PROBLEM:
Copy out each line of the entries where the word "linear" is present.
★ ★ ★ ★ ★
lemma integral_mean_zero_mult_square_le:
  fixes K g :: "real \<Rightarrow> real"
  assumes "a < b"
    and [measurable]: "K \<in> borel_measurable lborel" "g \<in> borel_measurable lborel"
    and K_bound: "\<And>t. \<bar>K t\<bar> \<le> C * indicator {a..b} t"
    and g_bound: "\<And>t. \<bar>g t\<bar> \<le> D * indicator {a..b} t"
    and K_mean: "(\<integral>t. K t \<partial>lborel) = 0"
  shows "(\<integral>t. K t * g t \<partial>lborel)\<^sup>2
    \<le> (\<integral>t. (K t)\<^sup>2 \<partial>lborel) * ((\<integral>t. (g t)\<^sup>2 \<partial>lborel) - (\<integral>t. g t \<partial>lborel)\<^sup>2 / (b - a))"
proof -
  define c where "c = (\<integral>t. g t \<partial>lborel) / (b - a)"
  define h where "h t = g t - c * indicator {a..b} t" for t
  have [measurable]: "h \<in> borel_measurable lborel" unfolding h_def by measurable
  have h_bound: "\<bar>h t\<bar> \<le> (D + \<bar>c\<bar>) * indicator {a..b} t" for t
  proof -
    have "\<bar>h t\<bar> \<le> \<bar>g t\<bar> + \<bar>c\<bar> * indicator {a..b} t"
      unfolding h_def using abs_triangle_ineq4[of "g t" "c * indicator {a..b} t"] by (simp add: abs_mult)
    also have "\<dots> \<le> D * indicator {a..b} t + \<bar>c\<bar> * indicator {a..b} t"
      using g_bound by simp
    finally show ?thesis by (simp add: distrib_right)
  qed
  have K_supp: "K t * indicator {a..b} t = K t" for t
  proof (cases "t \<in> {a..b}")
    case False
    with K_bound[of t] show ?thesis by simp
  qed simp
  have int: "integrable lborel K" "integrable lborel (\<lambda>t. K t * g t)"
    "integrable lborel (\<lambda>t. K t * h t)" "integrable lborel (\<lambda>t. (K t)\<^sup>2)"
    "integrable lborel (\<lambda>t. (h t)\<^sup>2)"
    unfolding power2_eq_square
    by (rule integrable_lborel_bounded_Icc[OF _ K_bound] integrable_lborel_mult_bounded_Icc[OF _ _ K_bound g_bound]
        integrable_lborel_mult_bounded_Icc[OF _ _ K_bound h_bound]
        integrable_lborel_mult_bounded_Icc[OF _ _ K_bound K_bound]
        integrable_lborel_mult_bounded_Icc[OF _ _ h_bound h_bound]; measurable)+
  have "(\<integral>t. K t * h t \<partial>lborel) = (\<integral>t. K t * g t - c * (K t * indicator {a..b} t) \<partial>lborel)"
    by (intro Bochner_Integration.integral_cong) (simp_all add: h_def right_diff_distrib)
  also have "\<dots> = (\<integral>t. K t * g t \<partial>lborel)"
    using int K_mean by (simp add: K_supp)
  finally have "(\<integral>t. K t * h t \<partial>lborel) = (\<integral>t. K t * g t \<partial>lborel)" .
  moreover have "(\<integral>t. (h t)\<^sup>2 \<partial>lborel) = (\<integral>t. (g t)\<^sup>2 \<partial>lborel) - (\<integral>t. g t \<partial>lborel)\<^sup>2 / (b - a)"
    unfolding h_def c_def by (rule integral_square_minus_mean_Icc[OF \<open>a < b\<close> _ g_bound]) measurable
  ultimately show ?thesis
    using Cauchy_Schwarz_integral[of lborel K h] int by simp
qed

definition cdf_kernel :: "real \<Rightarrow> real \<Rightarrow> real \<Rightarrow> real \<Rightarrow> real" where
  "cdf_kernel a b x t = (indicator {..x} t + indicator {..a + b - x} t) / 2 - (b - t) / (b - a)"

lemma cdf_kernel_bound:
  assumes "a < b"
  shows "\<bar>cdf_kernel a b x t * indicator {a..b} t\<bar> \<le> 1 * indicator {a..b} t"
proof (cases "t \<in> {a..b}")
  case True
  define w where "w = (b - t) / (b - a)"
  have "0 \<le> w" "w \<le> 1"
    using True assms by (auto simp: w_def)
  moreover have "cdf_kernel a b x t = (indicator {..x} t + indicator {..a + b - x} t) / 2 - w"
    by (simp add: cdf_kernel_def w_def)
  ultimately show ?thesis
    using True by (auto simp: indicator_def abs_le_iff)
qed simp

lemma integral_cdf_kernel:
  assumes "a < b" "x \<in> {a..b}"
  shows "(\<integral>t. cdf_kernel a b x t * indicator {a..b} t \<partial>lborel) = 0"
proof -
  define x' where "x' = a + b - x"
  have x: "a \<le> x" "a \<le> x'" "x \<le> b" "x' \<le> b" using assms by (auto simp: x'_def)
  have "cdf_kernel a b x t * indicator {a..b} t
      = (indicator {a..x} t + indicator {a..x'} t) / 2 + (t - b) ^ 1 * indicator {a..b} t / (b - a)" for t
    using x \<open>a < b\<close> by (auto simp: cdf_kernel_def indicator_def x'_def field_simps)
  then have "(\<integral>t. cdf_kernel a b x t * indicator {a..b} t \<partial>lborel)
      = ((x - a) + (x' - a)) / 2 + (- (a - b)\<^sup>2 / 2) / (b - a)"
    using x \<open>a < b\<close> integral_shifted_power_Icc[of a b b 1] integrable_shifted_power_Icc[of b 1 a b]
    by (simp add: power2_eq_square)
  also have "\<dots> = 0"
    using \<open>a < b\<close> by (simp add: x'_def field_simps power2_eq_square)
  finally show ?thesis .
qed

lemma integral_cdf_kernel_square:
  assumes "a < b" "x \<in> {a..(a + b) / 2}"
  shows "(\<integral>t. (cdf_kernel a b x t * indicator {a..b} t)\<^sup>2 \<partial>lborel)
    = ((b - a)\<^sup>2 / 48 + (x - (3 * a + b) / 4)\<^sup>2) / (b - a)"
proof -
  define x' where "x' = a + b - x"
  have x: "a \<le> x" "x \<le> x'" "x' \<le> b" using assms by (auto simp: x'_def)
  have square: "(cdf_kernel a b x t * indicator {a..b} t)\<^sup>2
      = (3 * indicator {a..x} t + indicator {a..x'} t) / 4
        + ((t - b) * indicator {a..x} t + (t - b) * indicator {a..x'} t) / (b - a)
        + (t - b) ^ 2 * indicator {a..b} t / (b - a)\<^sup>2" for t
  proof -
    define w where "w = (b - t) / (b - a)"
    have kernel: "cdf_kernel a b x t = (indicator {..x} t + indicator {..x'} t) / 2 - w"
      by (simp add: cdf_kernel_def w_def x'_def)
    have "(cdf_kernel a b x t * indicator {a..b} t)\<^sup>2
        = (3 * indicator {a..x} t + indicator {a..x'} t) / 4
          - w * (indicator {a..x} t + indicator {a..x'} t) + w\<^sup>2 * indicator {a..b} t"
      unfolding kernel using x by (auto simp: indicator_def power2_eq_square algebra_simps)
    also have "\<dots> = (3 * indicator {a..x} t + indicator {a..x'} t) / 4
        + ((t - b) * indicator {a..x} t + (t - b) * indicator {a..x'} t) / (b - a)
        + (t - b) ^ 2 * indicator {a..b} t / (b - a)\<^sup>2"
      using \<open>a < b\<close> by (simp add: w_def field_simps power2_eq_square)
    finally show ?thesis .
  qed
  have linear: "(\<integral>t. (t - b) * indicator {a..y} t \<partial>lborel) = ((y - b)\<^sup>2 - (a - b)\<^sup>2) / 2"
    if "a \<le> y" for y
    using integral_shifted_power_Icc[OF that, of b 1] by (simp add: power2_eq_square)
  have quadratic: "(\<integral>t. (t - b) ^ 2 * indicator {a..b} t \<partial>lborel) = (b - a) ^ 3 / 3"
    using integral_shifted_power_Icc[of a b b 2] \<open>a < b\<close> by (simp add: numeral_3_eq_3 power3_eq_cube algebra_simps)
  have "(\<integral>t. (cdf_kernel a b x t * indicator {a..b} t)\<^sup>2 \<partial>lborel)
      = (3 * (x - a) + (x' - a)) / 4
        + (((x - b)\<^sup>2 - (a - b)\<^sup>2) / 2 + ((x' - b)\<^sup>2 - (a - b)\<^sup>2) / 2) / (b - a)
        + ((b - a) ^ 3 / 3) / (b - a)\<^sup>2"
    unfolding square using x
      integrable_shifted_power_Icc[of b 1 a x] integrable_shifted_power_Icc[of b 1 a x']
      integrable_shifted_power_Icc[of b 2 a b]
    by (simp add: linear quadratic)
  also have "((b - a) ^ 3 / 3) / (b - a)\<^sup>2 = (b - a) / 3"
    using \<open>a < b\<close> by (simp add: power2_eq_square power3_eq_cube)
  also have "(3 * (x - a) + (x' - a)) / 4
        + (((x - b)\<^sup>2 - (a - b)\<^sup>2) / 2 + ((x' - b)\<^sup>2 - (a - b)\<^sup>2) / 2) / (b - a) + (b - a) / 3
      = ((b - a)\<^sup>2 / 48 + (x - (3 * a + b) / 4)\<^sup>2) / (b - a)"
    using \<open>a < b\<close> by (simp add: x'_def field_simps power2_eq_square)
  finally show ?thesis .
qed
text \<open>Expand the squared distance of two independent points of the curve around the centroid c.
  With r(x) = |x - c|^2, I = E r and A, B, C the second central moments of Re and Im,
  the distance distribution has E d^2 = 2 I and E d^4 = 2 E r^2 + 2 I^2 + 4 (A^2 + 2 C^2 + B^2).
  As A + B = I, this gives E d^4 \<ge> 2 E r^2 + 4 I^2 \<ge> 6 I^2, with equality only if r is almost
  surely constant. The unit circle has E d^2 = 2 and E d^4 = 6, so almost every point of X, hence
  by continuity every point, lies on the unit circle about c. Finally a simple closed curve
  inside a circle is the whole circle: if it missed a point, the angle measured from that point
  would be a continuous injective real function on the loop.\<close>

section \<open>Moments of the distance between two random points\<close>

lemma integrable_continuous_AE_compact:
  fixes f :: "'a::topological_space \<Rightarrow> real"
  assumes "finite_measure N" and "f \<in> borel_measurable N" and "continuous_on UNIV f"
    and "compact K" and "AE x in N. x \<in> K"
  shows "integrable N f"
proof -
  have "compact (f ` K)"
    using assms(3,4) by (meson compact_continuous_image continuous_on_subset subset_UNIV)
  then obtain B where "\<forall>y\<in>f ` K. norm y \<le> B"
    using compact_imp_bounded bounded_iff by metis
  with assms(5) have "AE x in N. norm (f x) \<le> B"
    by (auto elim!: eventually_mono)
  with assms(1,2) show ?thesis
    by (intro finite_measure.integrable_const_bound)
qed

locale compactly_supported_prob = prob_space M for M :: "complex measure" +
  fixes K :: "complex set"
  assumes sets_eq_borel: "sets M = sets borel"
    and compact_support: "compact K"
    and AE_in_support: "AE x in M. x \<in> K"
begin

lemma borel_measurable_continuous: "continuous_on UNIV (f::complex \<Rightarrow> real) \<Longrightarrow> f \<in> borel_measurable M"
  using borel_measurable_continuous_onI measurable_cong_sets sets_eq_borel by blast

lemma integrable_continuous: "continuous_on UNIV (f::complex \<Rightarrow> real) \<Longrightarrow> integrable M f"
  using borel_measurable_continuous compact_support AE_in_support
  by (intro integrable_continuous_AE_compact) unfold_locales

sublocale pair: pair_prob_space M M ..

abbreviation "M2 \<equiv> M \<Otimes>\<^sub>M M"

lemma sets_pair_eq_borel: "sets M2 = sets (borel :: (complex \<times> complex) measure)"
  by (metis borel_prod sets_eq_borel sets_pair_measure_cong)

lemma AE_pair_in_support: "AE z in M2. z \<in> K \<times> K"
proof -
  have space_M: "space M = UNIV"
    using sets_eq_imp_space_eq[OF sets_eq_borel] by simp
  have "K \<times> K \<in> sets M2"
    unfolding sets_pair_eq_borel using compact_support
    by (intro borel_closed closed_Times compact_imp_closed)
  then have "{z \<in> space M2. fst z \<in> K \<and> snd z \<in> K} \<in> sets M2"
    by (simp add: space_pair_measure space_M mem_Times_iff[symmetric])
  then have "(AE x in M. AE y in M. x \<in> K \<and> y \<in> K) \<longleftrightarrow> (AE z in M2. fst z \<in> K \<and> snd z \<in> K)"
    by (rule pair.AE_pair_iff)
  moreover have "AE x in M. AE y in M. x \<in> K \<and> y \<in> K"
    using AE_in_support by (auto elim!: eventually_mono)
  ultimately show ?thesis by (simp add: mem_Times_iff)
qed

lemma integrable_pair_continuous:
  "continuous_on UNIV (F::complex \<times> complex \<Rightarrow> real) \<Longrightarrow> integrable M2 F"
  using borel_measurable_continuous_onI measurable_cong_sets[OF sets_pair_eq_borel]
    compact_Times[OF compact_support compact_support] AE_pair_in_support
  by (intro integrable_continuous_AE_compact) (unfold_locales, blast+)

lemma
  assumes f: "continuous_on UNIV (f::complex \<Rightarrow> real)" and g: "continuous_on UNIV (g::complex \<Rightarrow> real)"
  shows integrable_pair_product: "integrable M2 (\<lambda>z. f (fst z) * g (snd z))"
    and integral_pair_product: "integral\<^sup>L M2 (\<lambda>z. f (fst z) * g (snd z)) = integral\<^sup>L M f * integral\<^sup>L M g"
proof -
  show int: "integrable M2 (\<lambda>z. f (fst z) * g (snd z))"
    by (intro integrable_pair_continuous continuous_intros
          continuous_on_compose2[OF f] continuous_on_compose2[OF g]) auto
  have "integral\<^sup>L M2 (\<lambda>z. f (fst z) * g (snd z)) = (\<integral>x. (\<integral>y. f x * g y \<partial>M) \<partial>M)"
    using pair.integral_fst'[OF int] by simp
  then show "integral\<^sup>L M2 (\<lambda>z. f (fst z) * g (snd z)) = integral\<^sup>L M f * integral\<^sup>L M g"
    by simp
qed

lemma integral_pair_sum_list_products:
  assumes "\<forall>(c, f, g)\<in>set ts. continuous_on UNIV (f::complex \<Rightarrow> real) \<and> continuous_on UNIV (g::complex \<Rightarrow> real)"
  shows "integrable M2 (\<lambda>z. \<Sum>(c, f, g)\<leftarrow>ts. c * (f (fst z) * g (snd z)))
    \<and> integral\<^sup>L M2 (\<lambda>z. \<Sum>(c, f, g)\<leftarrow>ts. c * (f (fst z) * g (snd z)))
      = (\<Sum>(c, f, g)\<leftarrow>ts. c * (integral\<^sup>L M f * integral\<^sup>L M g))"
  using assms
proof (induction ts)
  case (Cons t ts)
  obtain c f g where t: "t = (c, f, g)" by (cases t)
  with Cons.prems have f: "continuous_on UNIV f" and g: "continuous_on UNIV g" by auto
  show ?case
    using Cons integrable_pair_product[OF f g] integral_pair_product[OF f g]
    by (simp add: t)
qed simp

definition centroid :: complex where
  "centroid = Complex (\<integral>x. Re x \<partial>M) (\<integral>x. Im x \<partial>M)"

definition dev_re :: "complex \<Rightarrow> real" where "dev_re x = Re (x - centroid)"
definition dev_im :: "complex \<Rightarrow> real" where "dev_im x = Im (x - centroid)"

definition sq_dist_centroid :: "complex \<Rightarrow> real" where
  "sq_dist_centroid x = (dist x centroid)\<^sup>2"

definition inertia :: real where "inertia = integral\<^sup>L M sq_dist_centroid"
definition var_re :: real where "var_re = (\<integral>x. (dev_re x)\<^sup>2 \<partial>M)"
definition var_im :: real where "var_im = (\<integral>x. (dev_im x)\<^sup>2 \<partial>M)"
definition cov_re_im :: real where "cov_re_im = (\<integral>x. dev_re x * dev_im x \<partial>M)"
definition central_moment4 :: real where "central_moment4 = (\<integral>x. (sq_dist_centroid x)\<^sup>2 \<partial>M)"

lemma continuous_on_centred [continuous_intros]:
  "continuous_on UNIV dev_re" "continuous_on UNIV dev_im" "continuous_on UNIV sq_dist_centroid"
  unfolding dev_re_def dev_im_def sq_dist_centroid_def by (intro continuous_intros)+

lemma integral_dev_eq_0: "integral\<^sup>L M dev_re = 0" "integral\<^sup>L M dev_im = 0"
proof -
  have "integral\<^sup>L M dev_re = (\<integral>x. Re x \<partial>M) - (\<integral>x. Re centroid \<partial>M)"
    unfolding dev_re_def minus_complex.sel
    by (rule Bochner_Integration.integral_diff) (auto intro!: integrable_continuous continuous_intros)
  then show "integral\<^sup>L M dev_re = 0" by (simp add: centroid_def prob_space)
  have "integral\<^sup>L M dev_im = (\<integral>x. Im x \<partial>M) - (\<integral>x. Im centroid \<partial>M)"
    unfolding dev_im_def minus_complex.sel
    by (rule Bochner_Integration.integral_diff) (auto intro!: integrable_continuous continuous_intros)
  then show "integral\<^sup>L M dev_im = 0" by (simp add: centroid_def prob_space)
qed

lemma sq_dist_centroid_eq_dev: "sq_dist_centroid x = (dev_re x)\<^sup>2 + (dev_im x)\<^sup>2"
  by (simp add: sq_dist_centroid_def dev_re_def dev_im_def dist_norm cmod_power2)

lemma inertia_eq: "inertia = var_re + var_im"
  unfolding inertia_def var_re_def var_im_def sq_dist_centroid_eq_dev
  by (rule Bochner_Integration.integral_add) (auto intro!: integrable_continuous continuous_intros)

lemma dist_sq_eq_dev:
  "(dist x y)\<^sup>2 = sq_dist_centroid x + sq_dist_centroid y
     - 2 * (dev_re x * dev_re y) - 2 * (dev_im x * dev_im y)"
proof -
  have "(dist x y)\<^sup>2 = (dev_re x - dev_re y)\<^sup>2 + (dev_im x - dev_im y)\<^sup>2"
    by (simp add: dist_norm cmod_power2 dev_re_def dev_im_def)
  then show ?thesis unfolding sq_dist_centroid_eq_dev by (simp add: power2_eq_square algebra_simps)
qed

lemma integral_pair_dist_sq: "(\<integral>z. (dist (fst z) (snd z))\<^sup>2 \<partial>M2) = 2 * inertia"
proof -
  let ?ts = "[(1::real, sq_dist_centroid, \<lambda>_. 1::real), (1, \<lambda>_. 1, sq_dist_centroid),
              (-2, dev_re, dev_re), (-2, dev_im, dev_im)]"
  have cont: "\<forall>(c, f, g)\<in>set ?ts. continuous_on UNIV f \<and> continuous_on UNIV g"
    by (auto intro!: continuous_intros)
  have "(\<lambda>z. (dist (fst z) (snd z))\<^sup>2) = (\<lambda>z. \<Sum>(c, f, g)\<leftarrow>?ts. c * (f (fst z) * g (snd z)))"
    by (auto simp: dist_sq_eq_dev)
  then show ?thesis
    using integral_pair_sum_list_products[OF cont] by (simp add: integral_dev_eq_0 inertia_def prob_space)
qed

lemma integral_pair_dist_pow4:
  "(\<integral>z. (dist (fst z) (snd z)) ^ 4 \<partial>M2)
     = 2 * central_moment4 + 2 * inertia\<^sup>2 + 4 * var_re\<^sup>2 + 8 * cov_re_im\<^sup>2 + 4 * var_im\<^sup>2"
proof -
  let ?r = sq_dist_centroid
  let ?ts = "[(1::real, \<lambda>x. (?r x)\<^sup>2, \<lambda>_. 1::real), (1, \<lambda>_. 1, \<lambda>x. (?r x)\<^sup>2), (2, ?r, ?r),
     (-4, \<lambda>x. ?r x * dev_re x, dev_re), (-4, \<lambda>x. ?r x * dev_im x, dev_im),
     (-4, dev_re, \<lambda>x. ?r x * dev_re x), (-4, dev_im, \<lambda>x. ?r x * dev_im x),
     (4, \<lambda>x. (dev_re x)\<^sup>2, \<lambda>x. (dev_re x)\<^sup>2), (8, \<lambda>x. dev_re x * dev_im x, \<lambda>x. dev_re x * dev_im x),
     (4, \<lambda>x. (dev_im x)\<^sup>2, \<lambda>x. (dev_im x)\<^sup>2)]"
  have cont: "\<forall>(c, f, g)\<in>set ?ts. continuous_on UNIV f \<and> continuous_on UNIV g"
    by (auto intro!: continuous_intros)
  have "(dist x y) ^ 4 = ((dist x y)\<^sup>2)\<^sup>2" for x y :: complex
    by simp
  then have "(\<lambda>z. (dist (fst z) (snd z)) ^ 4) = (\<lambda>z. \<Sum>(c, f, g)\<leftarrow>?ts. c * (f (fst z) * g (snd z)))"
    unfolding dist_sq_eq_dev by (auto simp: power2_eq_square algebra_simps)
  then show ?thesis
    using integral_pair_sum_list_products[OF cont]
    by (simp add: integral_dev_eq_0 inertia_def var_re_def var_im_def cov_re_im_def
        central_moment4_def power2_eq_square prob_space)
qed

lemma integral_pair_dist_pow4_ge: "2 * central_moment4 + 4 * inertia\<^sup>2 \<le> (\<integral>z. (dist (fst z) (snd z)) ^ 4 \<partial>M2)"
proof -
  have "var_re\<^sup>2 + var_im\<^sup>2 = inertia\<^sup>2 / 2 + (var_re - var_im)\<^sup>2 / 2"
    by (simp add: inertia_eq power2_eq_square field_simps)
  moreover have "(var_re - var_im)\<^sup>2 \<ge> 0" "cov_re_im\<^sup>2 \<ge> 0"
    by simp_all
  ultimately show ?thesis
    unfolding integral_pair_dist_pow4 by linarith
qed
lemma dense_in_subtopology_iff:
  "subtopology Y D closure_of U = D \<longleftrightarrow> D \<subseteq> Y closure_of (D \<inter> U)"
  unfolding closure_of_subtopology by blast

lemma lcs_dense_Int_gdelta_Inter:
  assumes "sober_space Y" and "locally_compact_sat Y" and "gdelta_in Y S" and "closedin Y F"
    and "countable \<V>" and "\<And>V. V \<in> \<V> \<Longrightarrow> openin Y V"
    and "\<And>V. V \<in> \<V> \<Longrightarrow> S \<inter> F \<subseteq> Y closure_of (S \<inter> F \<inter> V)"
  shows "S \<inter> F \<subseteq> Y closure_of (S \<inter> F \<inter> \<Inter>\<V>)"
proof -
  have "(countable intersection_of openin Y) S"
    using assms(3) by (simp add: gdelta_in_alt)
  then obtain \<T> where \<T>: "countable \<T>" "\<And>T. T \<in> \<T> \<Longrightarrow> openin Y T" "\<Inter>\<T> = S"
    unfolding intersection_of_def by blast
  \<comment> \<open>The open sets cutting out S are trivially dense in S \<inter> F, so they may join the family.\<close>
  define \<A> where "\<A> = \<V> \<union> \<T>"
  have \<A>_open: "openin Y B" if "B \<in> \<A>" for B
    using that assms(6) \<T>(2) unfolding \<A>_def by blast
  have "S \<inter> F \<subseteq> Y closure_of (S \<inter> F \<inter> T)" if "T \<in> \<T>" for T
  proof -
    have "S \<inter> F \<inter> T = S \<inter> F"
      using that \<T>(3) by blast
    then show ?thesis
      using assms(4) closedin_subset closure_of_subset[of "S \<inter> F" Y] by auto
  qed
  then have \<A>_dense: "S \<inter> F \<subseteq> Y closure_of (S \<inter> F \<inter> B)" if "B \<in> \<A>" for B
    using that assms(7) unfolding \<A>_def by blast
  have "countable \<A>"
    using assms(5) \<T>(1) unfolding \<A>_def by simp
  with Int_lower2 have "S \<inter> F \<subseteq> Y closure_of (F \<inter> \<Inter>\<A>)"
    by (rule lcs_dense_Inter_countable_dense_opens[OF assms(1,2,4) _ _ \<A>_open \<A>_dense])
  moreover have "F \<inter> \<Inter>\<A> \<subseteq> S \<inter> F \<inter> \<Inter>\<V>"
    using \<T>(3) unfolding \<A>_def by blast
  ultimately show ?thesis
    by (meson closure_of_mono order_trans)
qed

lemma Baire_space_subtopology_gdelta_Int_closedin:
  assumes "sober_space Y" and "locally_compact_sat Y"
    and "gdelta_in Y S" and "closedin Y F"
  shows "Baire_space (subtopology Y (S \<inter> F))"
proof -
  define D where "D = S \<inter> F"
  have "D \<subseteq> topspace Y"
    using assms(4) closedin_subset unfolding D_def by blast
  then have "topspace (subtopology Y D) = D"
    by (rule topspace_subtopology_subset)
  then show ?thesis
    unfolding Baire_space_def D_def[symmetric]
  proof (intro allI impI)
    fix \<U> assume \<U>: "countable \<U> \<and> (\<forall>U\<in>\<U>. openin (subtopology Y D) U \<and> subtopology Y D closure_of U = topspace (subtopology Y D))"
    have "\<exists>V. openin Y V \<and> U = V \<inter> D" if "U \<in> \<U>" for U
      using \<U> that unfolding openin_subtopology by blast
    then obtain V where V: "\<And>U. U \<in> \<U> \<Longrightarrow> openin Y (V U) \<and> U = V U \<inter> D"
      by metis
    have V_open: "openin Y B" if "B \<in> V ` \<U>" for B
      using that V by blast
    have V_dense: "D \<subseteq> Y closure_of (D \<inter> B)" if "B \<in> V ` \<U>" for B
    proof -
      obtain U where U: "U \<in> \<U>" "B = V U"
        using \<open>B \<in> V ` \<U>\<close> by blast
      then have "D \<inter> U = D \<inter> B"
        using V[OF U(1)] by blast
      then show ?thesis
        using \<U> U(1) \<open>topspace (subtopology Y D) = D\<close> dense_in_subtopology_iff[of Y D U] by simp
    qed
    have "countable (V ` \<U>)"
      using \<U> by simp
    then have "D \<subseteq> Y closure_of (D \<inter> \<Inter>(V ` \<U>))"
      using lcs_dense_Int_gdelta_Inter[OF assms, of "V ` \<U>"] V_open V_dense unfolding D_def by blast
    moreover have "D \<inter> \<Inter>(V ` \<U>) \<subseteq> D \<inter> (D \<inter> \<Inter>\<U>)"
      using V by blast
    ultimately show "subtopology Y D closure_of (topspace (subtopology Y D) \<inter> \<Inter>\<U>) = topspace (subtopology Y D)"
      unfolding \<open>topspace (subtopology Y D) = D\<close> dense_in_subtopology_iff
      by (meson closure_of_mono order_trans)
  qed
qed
★ ★ ★ ★ ★
YOUR SOLUTION:
  have linear: "(\<integral>t. (t - b) * indicator {a..y} t \<partial>lborel) = ((y - b)\<^sup>2 - (a - b)\<^sup>2) / 2"
    by (simp add: linear quadratic)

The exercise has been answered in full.